For Zolli and his clients -- including CEOs and board members of companies such as General Electric (GE) and Sun Microsystems (SUNW) -- this is work, not play. Zolli's specialty is observing demographic trends and predicting their impact on business. Here's what he sees in his crystal ball: By 2008, there will be more seniors in the U.S. than ever before. Because oldsters are typically pro-environment and would like to leave the world a better, cleaner, greener place than they found it, Zolli is urging his corporate clients to ramp up environmentally friendly products.

Another prediction: With the medical advances he expects to see over the next few years, he believes it's feasible that many humans will live to blow out as many as 150 candles. That will change the way financial planning is done. Hmmm...maybe. In the meantime, most of us probably don't have to worry too much about saving for those extra decades.

SWEET SCIENCE. Del Fuhrman, who runs Moonstruck premium chocolates in Portland, Ore., is entering unexplored territory. Most of us know that grapes from different regions make different wines. Now, Fuhrman hopes to do something similar for chocolate.

Moonstruck, which sells its hand-made delights in six cafes in Oregon and Illinois and at upscale grocery stores, imports beans from as far afield as the Appalachians and Venezuela.
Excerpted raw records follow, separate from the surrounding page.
(* Let $\Gamma$ be a finitely generated residually nilpotent group, let $F$ be a free group of rank $\mathrm{rk}(\Gamma)$ and write $\Gamma = F/K$. Let $G = F/N$ be a weakly para-$\Gamma$ group. (1) If there exists an automorphism $\phi: F\to F$ with $\phi(N) \geq K$ (i.e. $G$ is of Type I), then $G \cong \Gamma$. (2) If there exists an automorphism $\phi: F \to F$ with $\phi(N) \lneq K$ (i.e. $G$ is of Type II), then $G$ is not residually nilpotent; in particular $G$ is not a para-$\Gamma$ group.
   Context: The lower central series is $\gamma_1(G)=G$, $\gamma_k(G)=[G,\gamma_{k-1}(G)]$. A group is residually nilpotent if $\bigcap_k \gamma_k(G)=\{1\}$. $\mathrm{rk}(\Gamma)$ is the minimum size of a generating set of $\Gamma$. For a finitely generated residually nilpotent group $\Gamma$, a group $G$ is weakly para-$\Gamma$ if $G/\gamma_k(G)\cong \Gamma/\gamma_k(\Gamma)$ for all $k\geq 1$; it is para-$\Gamma$ if moreover $G$ is residually nilpotent. *)

theory Defs
  imports "HOL-Algebra.Algebra"
begin

definition comm_subgroup :: "('a, 'b) monoid_scheme \<Rightarrow> 'a set \<Rightarrow> 'a set" where
  "comm_subgroup G H = generate G {x \<otimes>\<^bsub>G\<^esub> y \<otimes>\<^bsub>G\<^esub> inv\<^bsub>G\<^esub> x \<otimes>\<^bsub>G\<^esub> inv\<^bsub>G\<^esub> y
       | x y. x \<in> carrier G \<and> y \<in> H}"
(* Let $F$ be a $3$-graph such that for every vertex $v\in V(F)$ there exists a vertex $u\in V(F)\setminus\{v\}$ with $N_F(v)\cap N_F(u)\neq\emptyset$. Then for every $p\in(0,1)$ and every $\mu>0$ there exist $n_0\in\mathbb{N}$ and $\alpha>0$ such that for every $n\ge n_0$ there exists an $(n,p,\mu,\cdot)$ $3$-graph $H$ with $\delta_1(H)\ge \alpha n^2$ that has no $F$-factor.
   Context: A $k$-graph $H=(V(H),E(H))$ has edge set $E(H)\subseteq\binom{V(H)}{k}$. For $S\subseteq V(H)$ with $1\le |S|\le k-1$, $N_H(S)=\{S'\in\binom{V(H)}{k-|S|}: S\cup S'\in E(H)\}$ and $\deg_H(S)=|N_H(S)|$; for a vertex $v$, $N_H(v)=N_H(\{v\})$ (so in a $3$-graph $N_H(v)$ is a set of pairs). $\delta_s(H)$ is the minimum of $\deg_H(S)$ over all $s$-subsets $S$ of $V(H)$. An $F$-factor in $H$ is a set of vertex-disjoint copies of $F$ in $H$ covering $V(H)$. An $(n,p,\mu,\cdot)$ $k$-graph is a $k$-graph $H$ on a vertex set $V$ with $|V|=n$ such that for all $X_1,\dots,X_k\subseteq V$, the number of $k$-tuples $(x_1,\dots,x_k)\in X_1\times\cdots\times X_k$ with $\{x_1,\dots,x_k\}\in E(H)$ is at least $p|X_1|\cdots|X_k|-\mu n^k$. *)

theory Defs
  imports Complex_Main "HOL-Library.FuncSet"
begin

definition kgraph :: "nat \<Rightarrow> 'a set \<Rightarrow> 'a set set \<Rightarrow> bool" where
  "kgraph k V E \<longleftrightarrow> finite V \<and> (\<forall>e\<in>E. e \<subseteq> V \<and> card e = k)"

definition nbhd :: "nat \<Rightarrow> 'a set \<Rightarrow> 'a set set \<Rightarrow> 'a set \<Rightarrow> 'a set set" where
  "nbhd k V E S = {S'. S' \<subseteq> V \<and> card S' = k - card S \<and> S \<union> S' \<in> E}"

definition deg :: "nat \<Rightarrow> 'a set \<Rightarrow> 'a set set \<Rightarrow> 'a set \<Rightarrow> nat" where
  "deg k V E S = card (nbhd k V E S)"

definition min_deg :: "nat \<Rightarrow> nat \<Rightarrow> 'a set \<Rightarrow> 'a set set \<Rightarrow> nat" where
  "min_deg k s V E = Min ((\<lambda>S. deg k V E S) ` {S. S \<subseteq> V \<and> card S = s})"
lemma run_time_bound:
  assumes wf: "wf_wfa A" and run: "is_run c x A qs cs"
  shows "run_time x A qs cs \<le> 12 * max 1 (real (length x)) * real (wfa_size A)
                                   * max 1 (log 2 (real (card (states A))))"
proof -
  let ?N = "{0..length x} \<times> states A" and ?M = "max 1 (log 2 (real (card (states A))))"
  have "distinct qs" using run_extracted_node(1)[OF wf run] by (rule distinct_if_nth_notin_take)
  have "set qs \<subseteq> ?N" using run_extracted_node(2)[OF wf run] by (metis in_set_conv_nth subsetI)
  have "(\<Sum>k<length qs. 1 + U_outdeg x A (qs ! k)) = sum_list (map (\<lambda>v. 1 + U_outdeg x A v) qs)"
    by (simp add: sum_list_sum_nth atLeast0LessThan)
  also have "\<dots> = (\<Sum>v\<in>set qs. 1 + U_outdeg x A v)"
    using \<open>distinct qs\<close> by (rule sum_list_distinct_conv_sum_set)
  also have "\<dots> \<le> (\<Sum>v\<in>?N. 1 + U_outdeg x A v)"
    using \<open>set qs \<subseteq> ?N\<close> wf unfolding wf_wfa_def by (intro sum_mono2) auto
  also have "\<dots> \<le> 2 * Suc (length x) * wfa_size A" by (rule sum_U_outdeg_le[OF wf])
  finally have work: "(\<Sum>k<length qs. 1 + U_outdeg x A (qs ! k)) \<le> 2 * Suc (length x) * wfa_size A" .
  have "run_time x A qs cs \<le> (\<Sum>k<length qs. (1 + real (U_outdeg x A (qs ! k))) * (3 * ?M))"
    unfolding run_time_def using run_extracted_node(3,4)[OF wf run]
    by (intro sum_mono mult_left_mono log_queue_bound) auto
  also have "\<dots> = real (\<Sum>k<length qs. 1 + U_outdeg x A (qs ! k)) * (3 * ?M)"
    by (simp add: sum_distrib_right)
  also have "\<dots> \<le> real (2 * Suc (length x) * wfa_size A) * (3 * ?M)"
    by (rule mult_right_mono[OF of_nat_mono[OF work]]) simp
  also have "\<dots> \<le> (4 * max 1 (real (length x)) * real (wfa_size A)) * (3 * ?M)"
  proof -
    have "2 * real (Suc (length x)) \<le> 4 * max 1 (real (length x))" by simp
    then have "real (2 * Suc (length x) * wfa_size A) \<le> 4 * max 1 (real (length x)) * real (wfa_size A)"
      using mult_right_mono[of _ _ "real (wfa_size A)"] by (simp only: of_nat_mult of_nat_numeral)
    then show ?thesis by (rule mult_right_mono) simp
  qed
  finally show ?thesis by (simp add: mult_ac)
qed

lemma run_space_bound:
  assumes wf: "wf_wfa A" and run: "is_run c x A qs cs" and k: "k < length cs"
  shows "conf_space x A (cs ! k) \<le> 3 * real (length x + wfa_size A)"
proof -
  obtain d S where dS: "cs ! k = (d, S)" by (cases "cs ! k")
  have inv: "level_window x A (d, S)"
    using run_invariants[OF wf run, of k] k run dS unfolding is_run_def by simp
  obtain l where l: "S \<subseteq> {l, Suc l} \<times> states A" "\<forall>v \<in> S. l \<le> fst v"
      and finite_d: "{v. d v \<noteq> top} \<subseteq> {..Suc l} \<times> states A"
    by (rule level_window_sets[OF inv])
  have finQ: "finite (states A)" using wf unfolding wf_wfa_def by simp
  let ?F = "{v. d v \<noteq> top \<and> fst v \<ge> cur_level (length x) (d, S)}"
  have "?F \<subseteq> {l, Suc l} \<times> states A \<or> ?F \<subseteq> {length x} \<times> states A"
  proof (cases "S = {}")
    case True
    have "v \<in> {length x} \<times> states A" if "v \<in> ?F" for v
    proof -
      have "d v \<noteq> top" "length x \<le> fst v" using that True unfolding cur_level_def by auto
      moreover have "fst v \<le> length x \<and> snd v \<in> states A"
        using inv \<open>d v \<noteq> top\<close> unfolding level_window_def fst_conv by blast
      ultimately show ?thesis by (cases v) auto
    qed
    then show ?thesis by blast
  next
    case False
    have "finite S" using finite_subset[OF l(1)] finQ by simp
    then have "l \<le> cur_level (length x) (d, S)" using False l(2) unfolding cur_level_def by simp
    then have "?F \<subseteq> {l, Suc l} \<times> states A" using finite_d by (auto simp: mem_Times_iff)
    then show ?thesis ..
  qed
  then have "card ?F \<le> 2 * card (states A)"
    using finQ by (auto dest!: card_mono[rotated] simp: card_cartesian_product)
  then show ?thesis unfolding conf_space_def dS wfa_size_def by simp
qed

theorem corollary1:
  fixes c :: "'a::finite edit \<Rightarrow> ennreal"
  assumes "\<forall>\<omega> \<in> Omega. c \<omega> < top"
  shows "\<exists>C::real. \<forall>(x::'a list) (A::'a wfa) qs cs.
           wf_wfa A \<and> is_run c x A qs cs \<longrightarrow>
             run_time x A qs cs
               \<le> C * max 1 (real (length x)) * real (wfa_size A)
                    * max 1 (log 2 (real (card (states A))))
           \<and> (\<forall>k < length cs. conf_space x A (cs ! k) \<le> C * real (length x + wfa_size A))
           \<and> (snd (last cs) = {} \<longrightarrow> run_result x A (last cs) = dist_to_wfa c x A)"
proof (intro exI[of _ 12] allI impI conjI)
  fix x :: "'a list" and A :: "'a wfa" and qs cs
  assume "wf_wfa A \<and> is_run c x A qs cs"
  then have wf: "wf_wfa A" and run: "is_run c x A qs cs" by simp_all
  show "run_time x A qs cs \<le> 12 * max 1 (real (length x)) * real (wfa_size A)
                                * max 1 (log 2 (real (card (states A))))"
    by (rule run_time_bound[OF wf run])
  show "conf_space x A (cs ! k) \<le> 12 * real (length x + wfa_size A)" if "k < length cs" for k
    using run_space_bound[OF wf run that] by simp
  show "snd (last cs) = {} \<Longrightarrow> run_result x A (last cs) = dist_to_wfa c x A"
    by (rule run_result_correct[OF wf run])
qed

end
Fuhrman hopes to create consumer awareness of the differences -- and to transform the market for chocolates.

Just as lovers of the grape have long been free to savor the different qualities of a cabernet from France's Rhone Valley with the same varietal from California or Chile, he figures chocolate lovers will delight in comparing and contrasting, say, a Borneo-bred bon-bon with a Tanzanian truffle. Before Moonstruck, Fuhrman managed internal worldwide consulting for Apple Computer (AAPL), where he helped launch the iPod, so this is definitely a guy who knows how to hit the consumer sweet spot.

ANOTHER SOUR DAY FOR SOROS. First, financier George Soros lost a lot of money trying to prevent President Bush's reelection. Now the globe-girdling investor's name is taking a beating online. Apparently, scammers used the name of Soros Foundations, which promote human rights worldwide, to ask Web users for personal information and credit-card numbers, according to a Feb. 15 posting on the foundation's site. It goes without saying that neither Soros nor any of his organizations are associated with these despicable activities. But if setbacks come in batches, you have to worry what's next for poor (or, rather, not so poor) George. By Olga Kharif in Portland, Ore.